EXERCISE DIRECTIONS: Copy each record below without changing a single word.

LISTED RECORDS:
(* Let $c_2,c_3,a_0,a_1,a_2,b_0,b_1$ be constants, $\mu(t)=t^2+c_2t+c_3$, $\phi=a_0\mu(t)^2+a_1\mu(t)+a_2$, $\psi=b_0\mu(t)+b_1$, $\lambda_n=n((n-1)a_0+b_0)$, and $\operatorname{L}_n=\phi\,\mathbb{D}^2+\psi\,\mathbb{S}\mathbb{D}-\lambda_n I$. Assume that for each $n\ge0$ there is a unique monic polynomial $P_n$ of degree $n$ in $\mu(t)$ with $\operatorname{L}_n(P_n)=0$, and write $P_n=\vartheta_n+p_{1,n}\vartheta_{n-1}+p_{2,n}\vartheta_{n-2}+\cdots$. Then for each $n\ge1$ there exists $\beta_n$ such that the polynomial $$U_n=\operatorname{L}_{n+1}\big((\mu(t)-\beta_n)P_n\big)$$ has degree $n-1$ in $\mu(t)$; moreover $$\beta_n=p_{1,n}+f_n+\frac{k_{1,n+1}}{\lambda_n-\lambda_{n+1}},$$ and $U_n=t_n\vartheta_{n-1}+(\text{lower terms in the basis }\vartheta_k)$ with $$t_n=k_{2,n+1}+(f_n+p_{1,n}-\beta_n)k_{1,n}+(p_{1,n}f_{n-1}+p_{2,n}-\beta_np_{1,n})(\lambda_{n-1}-\lambda_{n+1}).$$
   Context: Operators: $\mathbb{D}f(t)=\frac{f(t+1/2)-f(t-1/2)}{\mu(t+1/2)-\mu(t-1/2)}$ and $\mathbb{S}f(t)=\frac{f(t+1/2)+f(t-1/2)}{2}$, acting on polynomials in $\mu(t)$ (degree lowered by one, resp. preserved). Basis: $\vartheta_n(t)=(-4)^{-n}(2t+1/2+c_2)_n(-2t+1/2-c_2)_n$ (Pochhammer symbols), $\vartheta_k=0$ for $k<0$; $\vartheta_n$ is monic of degree $n$ in $\mu(t)$ and satisfies $\mathbb{D}\vartheta_n=n\vartheta_{n-1}$, $\mu(t)\vartheta_n=\vartheta_{n+1}+f_n\vartheta_n$, $\mathbb{S}\vartheta_n=\vartheta_n+g_n\vartheta_{n-1}$, where $f_n=-\frac{c_2^2}{4}+\frac{(2n+1)^2}{16}+c_3$ and $g_n=\frac{n(2n-1)}{4}$. The constants $k_{1,j},k_{2,j}$ are $k_{1,j}=a_0j(j-1)(f_{j-1}+f_{j-2})+b_0jf_{j-1}+a_1j(j-1)+b_0jg_{j-1}+b_1j$, $k_{2,j}=a_0j(j-1)f_{j-2}^2+a_1j(j-1)f_{j-2}+b_0jg_{j-1}f_{j-2}+a_2j(j-1)+b_1jg_{j-1}$; they are such that $\operatorname{L}_n(\vartheta_j)=(a_0j(j-1)+b_0j-\lambda_n)\vartheta_j+k_{1,j}\vartheta_{j-1}+k_{2,j}\vartheta_{j-2}$. *)

theory Defs
  imports "HOL-Computational_Algebra.Polynomial"
begin

text \<open>Everything is over the reals. Polynomials in mu(t) are represented as
  real polynomials in a formal variable standing for mu(t); the polynomial q
  represents the function t \<mapsto> poly q (mu t).\<close>

definition mu :: "real \<Rightarrow> real \<Rightarrow> real \<Rightarrow> real" where
  "mu c2 c3 t = t^2 + c2 * t + c3"

definition Dop :: "real \<Rightarrow> real \<Rightarrow> real poly \<Rightarrow> real poly" where
  "Dop c2 c3 p = (THE q. \<forall>t. mu c2 c3 (t + 1/2) \<noteq> mu c2 c3 (t - 1/2) \<longrightarrow>
     poly q (mu c2 c3 t) =
       (poly p (mu c2 c3 (t + 1/2)) - poly p (mu c2 c3 (t - 1/2))) /
       (mu c2 c3 (t + 1/2) - mu c2 c3 (t - 1/2)))"

definition Sop :: "real \<Rightarrow> real \<Rightarrow> real poly \<Rightarrow> real poly" where
  "Sop c2 c3 p = (THE q. \<forall>t.
     poly q (mu c2 c3 t) = (poly p (mu c2 c3 (t + 1/2)) + poly p (mu c2 c3 (t - 1/2))) / 2)"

EXERCISE OUTPUT:
(* Let $c_2,c_3,a_0,a_1,a_2,b_0,b_1$ be constants, $\mu(t)=t^2+c_2t+c_3$, $\phi=a_0\mu(t)^2+a_1\mu(t)+a_2$, $\psi=b_0\mu(t)+b_1$, $\lambda_n=n((n-1)a_0+b_0)$, and $\operatorname{L}_n=\phi\,\mathbb{D}^2+\psi\,\mathbb{S}\mathbb{D}-\lambda_n I$. Assume that for each $n\ge0$ there is a unique monic polynomial $P_n$ of degree $n$ in $\mu(t)$ with $\operatorname{L}_n(P_n)=0$, and write $P_n=\vartheta_n+p_{1,n}\vartheta_{n-1}+p_{2,n}\vartheta_{n-2}+\cdots$. Then for each $n\ge1$ there exists $\beta_n$ such that the polynomial $$U_n=\operatorname{L}_{n+1}\big((\mu(t)-\beta_n)P_n\big)$$ has degree $n-1$ in $\mu(t)$; moreover $$\beta_n=p_{1,n}+f_n+\frac{k_{1,n+1}}{\lambda_n-\lambda_{n+1}},$$ and $U_n=t_n\vartheta_{n-1}+(\text{lower terms in the basis }\vartheta_k)$ with $$t_n=k_{2,n+1}+(f_n+p_{1,n}-\beta_n)k_{1,n}+(p_{1,n}f_{n-1}+p_{2,n}-\beta_np_{1,n})(\lambda_{n-1}-\lambda_{n+1}).$$
   Context: Operators: $\mathbb{D}f(t)=\frac{f(t+1/2)-f(t-1/2)}{\mu(t+1/2)-\mu(t-1/2)}$ and $\mathbb{S}f(t)=\frac{f(t+1/2)+f(t-1/2)}{2}$, acting on polynomials in $\mu(t)$ (degree lowered by one, resp. preserved). Basis: $\vartheta_n(t)=(-4)^{-n}(2t+1/2+c_2)_n(-2t+1/2-c_2)_n$ (Pochhammer symbols), $\vartheta_k=0$ for $k<0$; $\vartheta_n$ is monic of degree $n$ in $\mu(t)$ and satisfies $\mathbb{D}\vartheta_n=n\vartheta_{n-1}$, $\mu(t)\vartheta_n=\vartheta_{n+1}+f_n\vartheta_n$, $\mathbb{S}\vartheta_n=\vartheta_n+g_n\vartheta_{n-1}$, where $f_n=-\frac{c_2^2}{4}+\frac{(2n+1)^2}{16}+c_3$ and $g_n=\frac{n(2n-1)}{4}$. The constants $k_{1,j},k_{2,j}$ are $k_{1,j}=a_0j(j-1)(f_{j-1}+f_{j-2})+b_0jf_{j-1}+a_1j(j-1)+b_0jg_{j-1}+b_1j$, $k_{2,j}=a_0j(j-1)f_{j-2}^2+a_1j(j-1)f_{j-2}+b_0jg_{j-1}f_{j-2}+a_2j(j-1)+b_1jg_{j-1}$; they are such that $\operatorname{L}_n(\vartheta_j)=(a_0j(j-1)+b_0j-\lambda_n)\vartheta_j+k_{1,j}\vartheta_{j-1}+k_{2,j}\vartheta_{j-2}$. *)

theory Defs
  imports "HOL-Computational_Algebra.Polynomial"
begin

text \<open>Everything is over the reals. Polynomials in mu(t) are represented as
  real polynomials in a formal variable standing for mu(t); the polynomial q
  represents the function t \<mapsto> poly q (mu t).\<close>

definition mu :: "real \<Rightarrow> real \<Rightarrow> real \<Rightarrow> real" where
  "mu c2 c3 t = t^2 + c2 * t + c3"

definition Dop :: "real \<Rightarrow> real \<Rightarrow> real poly \<Rightarrow> real poly" where
  "Dop c2 c3 p = (THE q. \<forall>t. mu c2 c3 (t + 1/2) \<noteq> mu c2 c3 (t - 1/2) \<longrightarrow>
     poly q (mu c2 c3 t) =
       (poly p (mu c2 c3 (t + 1/2)) - poly p (mu c2 c3 (t - 1/2))) /
       (mu c2 c3 (t + 1/2) - mu c2 c3 (t - 1/2)))"

definition Sop :: "real \<Rightarrow> real \<Rightarrow> real poly \<Rightarrow> real poly" where
  "Sop c2 c3 p = (THE q. \<forall>t.
     poly q (mu c2 c3 t) = (poly p (mu c2 c3 (t + 1/2)) + poly p (mu c2 c3 (t - 1/2))) / 2)"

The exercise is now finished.